The predatory ciliate Lacrymaria is a Dudin lab favorite and has a feeding structure formed from a vortex of microtubules. Although it is retracted here, Lacrymaria can rapidly extend the tubule structure to capture escaping prey.

DeyLab/DudinLab/CentrioleLab
Fluorescence micrograph showing two photosynthetic alga Rhinomonas, stained in cyan, green and magenta.

Expansion microscopy has allowed Dudin and Dey to see all sorts of unexpected structures. For instance, Rhinomonas is a unicellular photosynthetic alga with two flagella, found predominantly in marine environments. The appearance of the specialized protein centrin (green) decorating regularly spaced arrays was previously unreported for this lineage.

DeyLab/DudinLab/CentrioleLab

Diatoms are particularly difficult to image through their protective glass shells, called frustules. Dey’s lab decided to use an alternative expansion microscopy protocol, in which the sample is expanded and its proteins tagged with fluorescent antibodies; rapid freezing then locks everything in place.

DeyLab/Vincent Lab
Fluorescence micrograph showing the mesh-like cell cortex of a Vorticella cell, stained in yellow and magenta.

Centrin is a small calcium-binding protein that co-polymerizes with larger proteins to produce networks of structural filaments in a cell. Centrin-containing fibers are especially abundant in ciliates; this intricate mesh (yellow) is located just below the cell membrane in this expanded Vorticella cell.

DeyLab/DudinLab/CentrioleLab
Fluorescence micrograph showing a single Vorticella cell, DNA and nuclei stained in blue, microtubules stained in green.

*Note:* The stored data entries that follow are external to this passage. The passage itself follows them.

lemma gauss_sum_prime_power_dvd:
  assumes p: "prime p" and "n \<noteq> 0" and "p ^ k dvd n"
  shows "int p ^ k dvd (\<Sum>d | d dvd n. moebius_mu d * a (n div d))"
proof -
  define e where "e = multiplicity p n"
  have "\<not> is_unit p"
    using p by auto
  then obtain m where n: "n = p ^ e * m" and "\<not> p dvd m"
    using multiplicity_decompose' \<open>n \<noteq> 0\<close> unfolding e_def by metis
  have "k \<le> e"
    unfolding e_def using multiplicity_geI \<open>n \<noteq> 0\<close> \<open>\<not> is_unit p\<close> assms(3) by blast
  show ?thesis
  proof (cases "e = 0")
    case False
    define D where "D d = a (p ^ e * (m div d)) - a (p ^ (e - 1) * (m div d))" for d
    have "(\<Sum>d | d dvd n. moebius_mu d * a (n div d)) =
          sum (\<lambda>d. a (n div d)) (moebius_divisors 1 n) - sum (\<lambda>d. a (n div d)) (moebius_divisors (-1) n)"
      by (rule sum_divisors_moebius_mu[OF \<open>n \<noteq> 0\<close>])
    also have "\<dots> = sum D (moebius_divisors 1 m) - sum D (moebius_divisors (-1) m)"
      unfolding n using False
        sum.moebius_divisors_prime_power_mult[OF p \<open>\<not> p dvd m\<close>, of e 1 a]
        sum.moebius_divisors_prime_power_mult[OF p \<open>\<not> p dvd m\<close>, of e "-1" a]
      by (simp add: D_def sum_subtractf)
    finally have sum_eq: "(\<Sum>d | d dvd n. moebius_mu d * a (n div d)) =
          sum D (moebius_divisors 1 m) - sum D (moebius_divisors (-1) m)" .
    moreover have "int p ^ e dvd D d" if "d dvd m" for d
    proof -
      have "m div d dvd m"
        using that by (metis dvd_div_mult_self dvd_triv_left)
      then have "\<not> p dvd m div d"
        using \<open>\<not> p dvd m\<close> dvd_trans by blast
      then show ?thesis
        using prime_power_mult_cong[OF p, of "m div d" e] False
        by (simp add: D_def cong_iff_dvd_diff)
    qed
    then have "int p ^ e dvd (\<Sum>d | d dvd n. moebius_mu d * a (n div d))"
      unfolding sum_eq by (auto intro!: dvd_diff dvd_sum simp: moebius_divisors_def)
    then show ?thesis
      using \<open>k \<le> e\<close> by (meson dvd_trans le_imp_power_dvd)
  qed (use \<open>k \<le> e\<close> in simp)
qed

end

lemma prime_power_dvd_imp_dvd:
  fixes n x :: "'a :: factorial_semiring"
  assumes "n \<noteq> 0" and "\<And>p k. prime p \<Longrightarrow> p ^ k dvd n \<Longrightarrow> p ^ k dvd x"
  shows "n dvd x"
proof (cases "x = 0")
  case False
  show ?thesis
  proof (rule multiplicity_le_imp_dvd[OF \<open>n \<noteq> 0\<close>])
    fix p :: 'a assume "prime p"
    then have "\<not> is_unit p"
      using not_prime_unit by blast
    moreover have "p ^ multiplicity p n dvd x"
      using assms(2)[OF \<open>prime p\<close> multiplicity_dvd] .
    ultimately show "multiplicity p n \<le> multiplicity p x"
      by (rule multiplicity_geI[OF False])
  qed
qed simp

lemma int_dvd_if_prime_power_dvd:
  assumes "n \<noteq> 0" and "\<And>p k. prime p \<Longrightarrow> p ^ k dvd n \<Longrightarrow> int p ^ k dvd x"
  shows "int n dvd x"
proof (rule prime_power_dvd_imp_dvd)
  fix q :: int and k assume "prime q" and "q ^ k dvd int n"
  obtain p where q: "q = int p"
    using prime_ge_0_int[OF \<open>prime q\<close>] nonneg_int_cases by blast
  have "prime p" and "p ^ k dvd n"
    using \<open>prime q\<close> \<open>q ^ k dvd int n\<close> unfolding q by (simp_all flip: of_nat_power)
  then show "q ^ k dvd x"
    unfolding q by (rule assms(2))
qed (use assms(1) in simp)

theorem theorem3:
  fixes a :: "nat \<Rightarrow> int"
  assumes "euler_gauss_seq a"
    and "\<forall>n\<ge>1. gcd (a n) (int n) = 1"
  shows "gauss_seq a"
  unfolding gauss_seq_def
proof (intro allI impI)
  fix n :: nat assume "n \<ge> 1"
  have "int n dvd (\<Sum>d | d dvd n. moebius_mu d * a (n div d))"
    by (rule int_dvd_if_prime_power_dvd) (use \<open>n \<ge> 1\<close> gauss_sum_prime_power_dvd[OF assms] in auto)
  then show "(\<Sum>d | d dvd n. moebius_mu d * a (n div d)) mod int n = 0"
    by simp
qed

end
lemma l1dist_update:
  assumes "length a = d" "k < d"
  shows "l1dist d a (a[k := x]) = \<bar>a ! k - x\<bar>"
proof -
  have "l1dist d a (a[k := x]) = (\<Sum>i<d. if i = k then \<bar>a ! k - x\<bar> else 0)"
    unfolding l1dist_def using assms by (intro sum.cong) auto
  then show ?thesis using assms(2) by simp
qed

lemma l1dist_eq_1_imp_unit_step:
  assumes "length a = d" "length b = d" "l1dist d a b = 1"
  shows "\<exists>k<d. \<exists>e. (e = 1 \<or> e = -1) \<and> b = a[k := a ! k + e]"
proof -
  have total: "(\<Sum>i<d. \<bar>a ! i - b ! i\<bar>) = 1"
    using assms(3) unfolding l1dist_def .
  obtain k where k: "k < d" "a ! k \<noteq> b ! k"
    using total by (metis (mono_tags, lifting) diff_self abs_zero sum.neutral lessThan_iff zero_neq_one)
  have "(\<Sum>i<d. \<bar>a ! i - b ! i\<bar>) = \<bar>a ! k - b ! k\<bar> + (\<Sum>i\<in>{..<d} - {k}. \<bar>a ! i - b ! i\<bar>)"
    using k(1) by (simp add: sum.remove)
  moreover have "0 \<le> (\<Sum>i\<in>{..<d} - {k}. \<bar>a ! i - b ! i\<bar>)"
    by (simp add: sum_nonneg)
  moreover have "1 \<le> \<bar>a ! k - b ! k\<bar>"
    using k(2) by linarith
  ultimately have step: "\<bar>a ! k - b ! k\<bar> = 1" and rest: "(\<Sum>i\<in>{..<d} - {k}. \<bar>a ! i - b ! i\<bar>) = 0"
    using total by linarith+
  have "a ! i = b ! i" if "i < d" "i \<noteq> k" for i
    using rest that by (subst (asm) sum_nonneg_eq_0_iff) auto
  then have "b = a[k := a ! k + (b ! k - a ! k)]"
    using assms(1,2) k(1) by (intro nth_equalityI) (auto simp: nth_list_update)
  moreover have "b ! k - a ! k = 1 \<or> b ! k - a ! k = -1"
    using step by linarith
  ultimately show ?thesis using k(1) by blast
qed

lemma latV_length: "q \<in> latV d n \<Longrightarrow> length q = d"
  unfolding latV_def latD_def latB_def by auto

lemma nbhd_unit_dist: "r \<in> nbhd d n q \<Longrightarrow> length q = d \<and> length r = d \<and> l1dist d q r = 1"
  using latV_length unfolding nbhd_def edge_def by blast

lemma latD_not_latB: "q \<in> latD d n \<Longrightarrow> q \<notin> latB d n"
  unfolding latB_def l1dist_def by force

lemma finite_latD: "finite (latD d n)"
proof (rule finite_subset)
  show "latD d n \<subseteq> {xs. set xs \<subseteq> {1..int n} \<and> length xs = d}"
    unfolding latD_def by (auto simp: in_set_conv_nth)
  show "finite {xs. set xs \<subseteq> {1..int n} \<and> length xs = d}"
    by (rule finite_lists_length_eq) simp
qed

lemma vvec_nbhd_nonzero: "conductivity d n \<gamma> \<Longrightarrow> r \<in> nbhd d n q \<Longrightarrow> vvec d n \<gamma> q r \<noteq> 0"
  unfolding vvec_def nbhd_def conductivity_def by fastforce

lemma lower_step_mem_Kminus:
  assumes q: "q \<in> latD d n" and j: "j < d" and qj: "q ! j = 1"
  shows "q[j := q ! j - 1] \<in> Kminus d n (ssum q - 1)"
proof -
  define r where "r = q[j := q ! j - 1]"
  have len: "length q = d" "length r = d"
    using q unfolding r_def latD_def by auto
  have r_nth: "r ! i = (if i = j then 0 else q ! i)" if "i < d" for i
    unfolding r_def using that len qj by simp
  have "r \<in> latB d n"
    unfolding latB_def
  proof (intro CollectI conjI bexI[of _ q] ballI)
    show "length r = d" "q \<in> latD d n" by fact+
    show "l1dist d q r = 1" unfolding r_def using len j by (simp add: l1dist_update)
    fix y assume "y \<in> latD d n"
    then have "1 \<le> \<bar>y ! j - r ! j\<bar>" using r_nth j unfolding latD_def by auto
    also have "\<dots> \<le> (\<Sum>i<d. \<bar>y ! i - r ! i\<bar>)" using j by (intro member_le_sum) auto
    finally show "1 \<le> l1dist d y r" unfolding l1dist_def .
  qed
  moreover have "Min (set r) = 0"
  proof (rule Min_eqI)
    show "0 \<in> set r" using r_nth[OF j] len j by (metis nth_mem)
    fix y assume "y \<in> set r"
    then obtain i where "i < d" "y = r ! i" using len by (auto simp: in_set_conv_nth)
    then show "0 \<le> y" using r_nth q unfolding latD_def by (cases "i = j") auto
  qed simp
  moreover have "ssum r = ssum q - 1"
    unfolding r_def using j len by (simp add: ssum_update)
  ultimately show ?thesis unfolding Kminus_def r_def by simp
qed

In freshwater ciliates known as Vorticella, the researchers spotted “an amazing centrin cage, dotted tubulin flagellar components, and an insane mouth apparatus [at far left, green],” Dudin said. In the middle, a spindle (green) appears to be organizing as cells prepare for division. Green dots of the structural protein tubulin are visible throughout the protist’s distinctive stalk (at right).

DeyLab/DudinLab/CentrioleLab
Fluorescence micrograph showing a Ross Sea dinoflagellate. The nucleus is stained in blue, a protein complex crucial for photosynthesis is stained in green, rubisco is stained in magenta.

A dinoflagellate identified in Antarctica’s Ross Sea is known to steal organelles called plastids from the microalga Phaeocystis antarctica. Expansion microscopy of the engulfing process revealed that the host microbe retained more than just plastids. The alga’s nucleus (blue) and other features such as a protein complex crucial for photosynthesis (green) were also observed inside the host. These interactions offer insight into early evolutionary steps of eukaryotes but are still not fully understood.

DudinLab/DecelleLab
Fluorescence micrograph showing the dinoflagellate Lingulodinium polyedra, stained in blue and green.

Expansion microscopy of the dinoflagellate Lingulodinium polyedra reveals the chromosomal organization (DNA in blue) and internal axostyle (center, green) — a microtubule structure that helps the cell move. “We have imaged more than 60 species across the dinoflagellate tree, allowing us to map cytoskeletal diversity within the whole lineage,” Dudin said.